Woo is the latest in the series of hires Thornton —dubbed “the man with the key to China”— has made since becoming Barrick’s chairman in April this year.
Ever since Thornton’s appointment, intended to replace founder Peter Munk, his name has heightened expectations that the Toronto-based company may be close to making alliances with Chinese investors. Market rumours indicate the firm is looking for partners for its large but stalled Pascua-Lama, the gold and silver project straddling the border between Chile and Argentina, which will be one of the world’s largest mine of both precious metals when built.

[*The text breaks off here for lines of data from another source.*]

(* Let $k\in\mathbb{Z}_+$ and let $a\in L_1(\mathbb{R}_+)\cup L_\infty(\mathbb{R}_+)$ be such that $\gamma_{a,k}\in L_\infty(\mathbb{R}_+)$, where $\gamma_{a,k}(\xi)=2\xi\int_{\mathbb{R}_+}a(v)\,\ell_k^2(2v\xi)\,\mathrm{d}v$, $\xi>0$. Then for each $n=1,2,\dots$, $$\lim_{\xi\to+\infty}\frac{\mathrm{d}^n\gamma_{a,k}(\xi)}{\mathrm{d}\xi^n}=0.$$
   Context: $\mathbb{R}_+=(0,\infty)$, $\mathbb{Z}_+=\{0,1,2,\dots\}$. $L_k(x)=\sum_{i=0}^k(-1)^i\binom{k}{i}\frac{x^i}{i!}$ is the Laguerre polynomial of degree $k$ and $\ell_k(x)=e^{-x/2}L_k(x)$. *)

theory Defs
  imports "HOL-Analysis.Analysis"
begin

definition laguerre :: "nat \<Rightarrow> real \<Rightarrow> real" where
  "laguerre k x = (\<Sum>i\<le>k. (-1) ^ i * real (k choose i) * x ^ i / fact i)"

definition laguerre_fun :: "nat \<Rightarrow> real \<Rightarrow> real" where
  "laguerre_fun k x = exp (- x / 2) * laguerre k x"

definition L1_pos :: "(real \<Rightarrow> real) \<Rightarrow> bool" where
  "L1_pos f \<longleftrightarrow> set_integrable lborel {0<..} f"

definition Linf_pos :: "(real \<Rightarrow> real) \<Rightarrow> bool" where
  "Linf_pos f \<longleftrightarrow> set_borel_measurable lborel {0<..} f \<and>
     (\<exists>C. AE x in lborel. x \<in> {0<..} \<longrightarrow> \<bar>f x\<bar> \<le> C)"

definition gamma_ak :: "(real \<Rightarrow> real) \<Rightarrow> nat \<Rightarrow> real \<Rightarrow> real" where
  "gamma_ak a k \<xi> = 2 * \<xi> * (LINT v:{0<..}|lborel. a v * (laguerre_fun k (2 * v * \<xi>))\<^sup>2)"

end

theory Submission
  imports Defs "HOL-Computational_Algebra.Polynomial" "HOL-Real_Asymp.Real_Asymp"
begin

text \<open>
  Put G(x) = 2x l_k(2x)^2, so that \<gamma>(\<xi>) is the integral of a(v) G(v\<xi>) / v over v > 0.
  Every derivative G^(n) is exp(-2x) times a polynomial, and G itself has a factor x, hence
  x^n G^(n)(x) / x \<le> B exp(-x) for x > 0. The n-th \<xi>-derivative a(v) v^(n-1) G^(n)(v\<xi>) of the
  integrand is therefore bounded by B \<xi>^(1-n) |a(v)| exp(-\<xi>v), which justifies differentiating
  under the integral sign at every \<xi> > 0, and for n \<ge> 1, \<xi> \<ge> 1 bounds the n-th derivative of
  \<gamma> by B times the Laplace transform of |a| at \<xi>. That transform tends to 0: for a in L_1 by
  dominated convergence, for a in L_\<infinity> because it is at most |a|_\<infinity> / \<xi>.
\<close>

lemma power_le_fact_mult_exp:
  fixes x :: real
  assumes "x \<ge> 0"
  shows "x ^ n \<le> fact n * exp x"
proof -
  have "x ^ n /\<^sub>R fact n = (\<Sum>i\<in>{n}. x ^ i /\<^sub>R fact i)"
    by simp
  also have "\<dots> \<le> (\<Sum>i. x ^ i /\<^sub>R fact i)"
    using assms by (intro sum_le_suminf summable_exp_generic) auto
  also have "\<dots> = exp x"
    by (simp add: exp_def)
  finally show ?thesis
    by (simp add: field_simps)
qed

lemma power_exp_poly_bound:
  fixes P :: "real poly"
  shows "\<exists>B\<ge>0. \<forall>x\<ge>0. \<bar>x ^ m * (exp (- 2 * x) * poly P x)\<bar> \<le> B * exp (- x)"
proof (intro exI conjI allI impI)
  define B where "B = (\<Sum>i\<le>degree P. \<bar>coeff P i\<bar> * fact (i + m))"
  show "B \<ge> 0"
    unfolding B_def by (intro sum_nonneg) auto
  fix x :: real
  assume x: "x \<ge> 0"
  have "x ^ m * (exp (- 2 * x) * poly P x) =
      exp (- x) * (\<Sum>i\<le>degree P. coeff P i * (x ^ (i + m) * exp (- x)))"
    unfolding poly_altdef
    by (simp add: sum_distrib_left sum_distrib_right power_add mult_ac flip: exp_add)
  also have "\<bar>\<dots>\<bar> \<le> exp (- x) * B"
    unfolding B_def abs_mult abs_exp_cancel
  proof (intro mult_left_mono order.trans[OF sum_abs] sum_mono)
    fix i
    have "x ^ (i + m) * exp (- x) \<le> fact (i + m)"
      using power_le_fact_mult_exp[OF x, of "i + m"] by (simp add: exp_minus field_simps)
    then show "\<bar>coeff P i * (x ^ (i + m) * exp (- x))\<bar> \<le> \<bar>coeff P i\<bar> * fact (i + m)"
      using x by (simp add: abs_mult mult_left_mono)
  qed simp
  finally show "\<bar>x ^ m * (exp (- 2 * x) * poly P x)\<bar> \<le> B * exp (- x)"
    by (simp add: mult.commute)
qed

lemma tendsto_integral_dominated_at:
  fixes s :: "real \<Rightarrow> 'a \<Rightarrow> real"
  assumes "f \<in> borel_measurable M" "integrable M w" "d > 0"
    and "\<And>t. t \<noteq> t0 \<Longrightarrow> \<bar>t - t0\<bar> < d \<Longrightarrow> s t \<in> borel_measurable M"
    and lim: "\<And>x. x \<in> space M \<Longrightarrow> ((\<lambda>t. s t x) \<longlongrightarrow> f x) (at t0)"
    and "\<And>t x. t \<noteq> t0 \<Longrightarrow> \<bar>t - t0\<bar> < d \<Longrightarrow> x \<in> space M \<Longrightarrow> \<bar>s t x\<bar> \<le> w x"
  shows "((\<lambda>t. integral\<^sup>L M (s t)) \<longlongrightarrow> integral\<^sup>L M f) (at t0)"
  unfolding tendsto_at_iff_sequentially comp_def
proof (intro allI impI)
  fix X :: "nat \<Rightarrow> real"
  assume X: "\<forall>i. X i \<in> UNIV - {t0}" and "X \<longlonglongrightarrow> t0"
  then have "\<forall>\<^sub>F n in sequentially. dist (X n) t0 < d"
    using \<open>d > 0\<close> by (simp add: tendsto_iff)
  then obtain N where N: "\<And>n. n \<ge> N \<Longrightarrow> \<bar>X n - t0\<bar> < d"
    by (auto simp: eventually_sequentially dist_real_def)
  have "(\<lambda>n. integral\<^sup>L M (s (X (n + N)))) \<longlonglongrightarrow> integral\<^sup>L M f"
  proof (rule integral_dominated_convergence[where w = w])
    show "AE x in M. (\<lambda>n. s (X (n + N)) x) \<longlonglongrightarrow> f x"
      using lim X \<open>X \<longlonglongrightarrow> t0\<close>
      by (intro AE_I2 LIMSEQ_ignore_initial_segment) (auto simp: tendsto_at_iff_sequentially o_def)
  qed (use assms N X in auto)
  then show "(\<lambda>n. integral\<^sup>L M (s (X n))) \<longlonglongrightarrow> integral\<^sup>L M f"
    by (rule LIMSEQ_offset)
qed

lemma has_real_derivative_integral:
  fixes \<phi> \<psi> :: "'a \<Rightarrow> real \<Rightarrow> real"
  assumes "d > 0" "integrable M w" "(\<lambda>v. \<psi> v x0) \<in> borel_measurable M"
    and integrable: "\<And>x. \<bar>x - x0\<bar> < d \<Longrightarrow> integrable M (\<lambda>v. \<phi> v x)"
    and deriv: "\<And>v x. \<bar>x - x0\<bar> < d \<Longrightarrow> ((\<phi> v) has_real_derivative \<psi> v x) (at x)"
    and bound: "\<And>v x. \<bar>x - x0\<bar> < d \<Longrightarrow> \<bar>\<psi> v x\<bar> \<le> w v"
  shows "((\<lambda>x. integral\<^sup>L M (\<lambda>v. \<phi> v x)) has_real_derivative integral\<^sup>L M (\<lambda>v. \<psi> v x0)) (at x0)"
proof -
  define q where "q t v = (\<phi> v t - \<phi> v x0) / (t - x0)" for t v
  have in_ball: "\<bar>x - x0\<bar> < d \<longleftrightarrow> x \<in> ball x0 d" for x
    by (simp add: dist_real_def abs_minus_commute)
  have "((\<lambda>t. integral\<^sup>L M (q t)) \<longlongrightarrow> integral\<^sup>L M (\<lambda>v. \<psi> v x0)) (at x0)"
  proof (rule tendsto_integral_dominated_at[where d = d and w = w])
    show "q t \<in> borel_measurable M" if "\<bar>t - x0\<bar> < d" for t
      unfolding q_def using integrable[OF that] integrable[of x0] \<open>d > 0\<close>
      by (intro borel_measurable_divide borel_measurable_diff) auto
    show "((\<lambda>t. q t v) \<longlongrightarrow> \<psi> v x0) (at x0)" for v
      using deriv[of x0 v] \<open>d > 0\<close> unfolding q_def has_field_derivative_iff by simp
    show "\<bar>q t v\<bar> \<le> w v" if "t \<noteq> x0" "\<bar>t - x0\<bar> < d" for t v
    proof -
      have "norm (\<phi> v t - \<phi> v x0) \<le> w v * norm (t - x0)"
        using that \<open>d > 0\<close> deriv bound
        by (intro field_differentiable_bound[where S = "ball x0 d" and f' = "\<psi> v"])
           (auto simp: in_ball intro: has_field_derivative_at_within)
      with that show ?thesis
        unfolding q_def by (simp add: abs_div divide_le_eq)
    qed
  qed (use assms in auto)
  moreover have "\<forall>\<^sub>F t in at x0. integral\<^sup>L M (q t) =
      (integral\<^sup>L M (\<lambda>v. \<phi> v t) - integral\<^sup>L M (\<lambda>v. \<phi> v x0)) / (t - x0)"
  proof -
    have "\<forall>\<^sub>F t in at x0. t \<in> ball x0 d"
      using \<open>d > 0\<close> by (intro eventually_at_in_open') auto
    then show ?thesis
    proof eventually_elim
      case (elim t)
      then have "integrable M (\<lambda>v. \<phi> v t)" "integrable M (\<lambda>v. \<phi> v x0)"
        using integrable \<open>d > 0\<close> by (auto simp: in_ball)
      then show ?case
        unfolding q_def by simp
    qed
  qed
  ultimately show ?thesis
    unfolding has_field_derivative_iff by (rule Lim_transform_eventually)
qed

lemma
  fixes c :: real
  assumes c: "c > 0"
  shows integrable_indicator_exp_minus: "integrable lborel (\<lambda>v. indicator {0<..} v * exp (- c * v))"
    and integral_indicator_exp_minus: "integral\<^sup>L lborel (\<lambda>v. indicator {0<..} v * exp (- c * v)) = 1 / c"
proof -
  have hk: "((\<lambda>v. exp (- c * v)) has_integral 1 / c) {0<..}"
  proof -
    have "((\<lambda>v. exp (- c * v)) has_integral exp (- c * 0) / c) {0..}"
      using has_integral_exp_minus_to_infinity[OF c] by blast
    then show ?thesis
      by (subst has_integral_spike_set_eq[where T = "{0..}"]) (auto intro: negligible_subset[of "{0}"])
  qed
  then have "set_integrable lebesgue {0<..} (\<lambda>v. exp (- c * v))"
    by (intro nonnegative_absolutely_integrable_1) (auto simp: integrable_on_def)
  moreover have "(\<lambda>v. indicator {0<..} v * exp (- c * v)) \<in> borel_measurable lborel"
    by measurable
  ultimately show int: "integrable lborel (\<lambda>v. indicator {0<..} v * exp (- c * v))"
    by (simp add: set_integrable_def integrable_completion)
  have "integral\<^sup>L lborel (\<lambda>v. indicator {0<..} v * exp (- c * v)) = integral {0<..} (\<lambda>v. exp (- c * v))"
    using set_borel_integral_eq_integral(2)[of "{0<..}" "\<lambda>v. exp (- c * v)"] int
    by (simp add: set_integrable_def set_lebesgue_integral_def)
  with hk show "integral\<^sup>L lborel (\<lambda>v. indicator {0<..} v * exp (- c * v)) = 1 / c"
    by (simp add: integral_unique)
qed

section \<open>The Laguerre kernel and its derivatives\<close>

definition scaled_laguerre_poly :: "nat \<Rightarrow> real poly" where
  "scaled_laguerre_poly k = (\<Sum>i\<le>k. monom ((-1) ^ i * real (k choose i) * 2 ^ i / fact i) i)"

lemma poly_scaled_laguerre_poly: "poly (scaled_laguerre_poly k) x = laguerre k (2 * x)"
  unfolding scaled_laguerre_poly_def laguerre_def
  by (simp add: poly_sum poly_monom power_mult_distrib mult.assoc)

fun laguerre_kernel_poly :: "nat \<Rightarrow> nat \<Rightarrow> real poly" where
  "laguerre_kernel_poly k 0 = [:0, 2:] * (scaled_laguerre_poly k)\<^sup>2"
| "laguerre_kernel_poly k (Suc n) = pderiv (laguerre_kernel_poly k n) - smult 2 (laguerre_kernel_poly k n)"

text \<open>\<open>laguerre_kernel k 0 x = 2x \<ell>\<^sub>k(2x)\<^sup>2\<close>, and \<open>laguerre_kernel k n\<close> is its n-th derivative.\<close>

definition laguerre_kernel :: "nat \<Rightarrow> nat \<Rightarrow> real \<Rightarrow> real" where
  "laguerre_kernel k n x = exp (- 2 * x) * poly (laguerre_kernel_poly k n) x"

lemma has_real_derivative_laguerre_kernel:
  "(laguerre_kernel k n has_real_derivative laguerre_kernel k (Suc n) x) (at x)"
  unfolding laguerre_kernel_def
  by (auto intro!: derivative_eq_intros poly_DERIV simp: algebra_simps)

lemma laguerre_kernel_0_divide:
  assumes "v > 0"
  shows "laguerre_kernel k 0 (v * \<xi>) / v = 2 * \<xi> * (laguerre_fun k (2 * v * \<xi>))\<^sup>2"
proof -
  have "exp (- 2 * (v * \<xi>)) = (exp (- (2 * v * \<xi>) / 2))\<^sup>2"
    by (simp add: power2_eq_square flip: exp_add)
  with assms show ?thesis
    unfolding laguerre_kernel_def laguerre_fun_def
    by (simp add: poly_scaled_laguerre_poly power_mult_distrib mult_ac)
qed

lemma laguerre_kernel_bound:
  "\<exists>B\<ge>0. \<forall>x>0. \<bar>x ^ n * laguerre_kernel k n x / x\<bar> \<le> B * exp (- x)"
proof (cases n)
  case 0
  have "laguerre_kernel k 0 x / x = exp (- 2 * x) * poly (smult 2 ((scaled_laguerre_poly k)\<^sup>2)) x"
    if "x > 0" for x
    using that by (simp add: laguerre_kernel_def)
  with power_exp_poly_bound[of 0 "smult 2 ((scaled_laguerre_poly k)\<^sup>2)"] 0 show ?thesis
    by auto
next
  case (Suc m)
  then have "x ^ n * laguerre_kernel k n x / x = x ^ m * (exp (- 2 * x) * poly (laguerre_kernel_poly k n) x)"
    if "x > 0" for x
    using that by (simp add: laguerre_kernel_def)
  with power_exp_poly_bound[of m "laguerre_kernel_poly k n"] show ?thesis
    by auto
qed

Thornton is not foreign to the Asian market. After the star investment banker left Goldman Sachs, having played a prominent role in a period of vicious internal power struggles, he spent a decade as a professor at Beijing’s Tsinghua University – the first non-Chinese to be so appointed since the 1949 Communist revolution.
As most gold miners, Barrick has been selling off non-core assets and trying to cut costs to lift flagging profits in the face of weak gold prices.
The company reported strong quarterly results yesterday that it can only hope would halt the appalling drop in its share price.
2 Comments
havasu46
It would be really beneficial if Barrick could sell 50% of PL to CHina interest for $3-4 billion and get that project going again tto produce 800,000 ounces at $400-500 AISC.
Ivan Fed
Mr. Putin is also looking for a good job like this !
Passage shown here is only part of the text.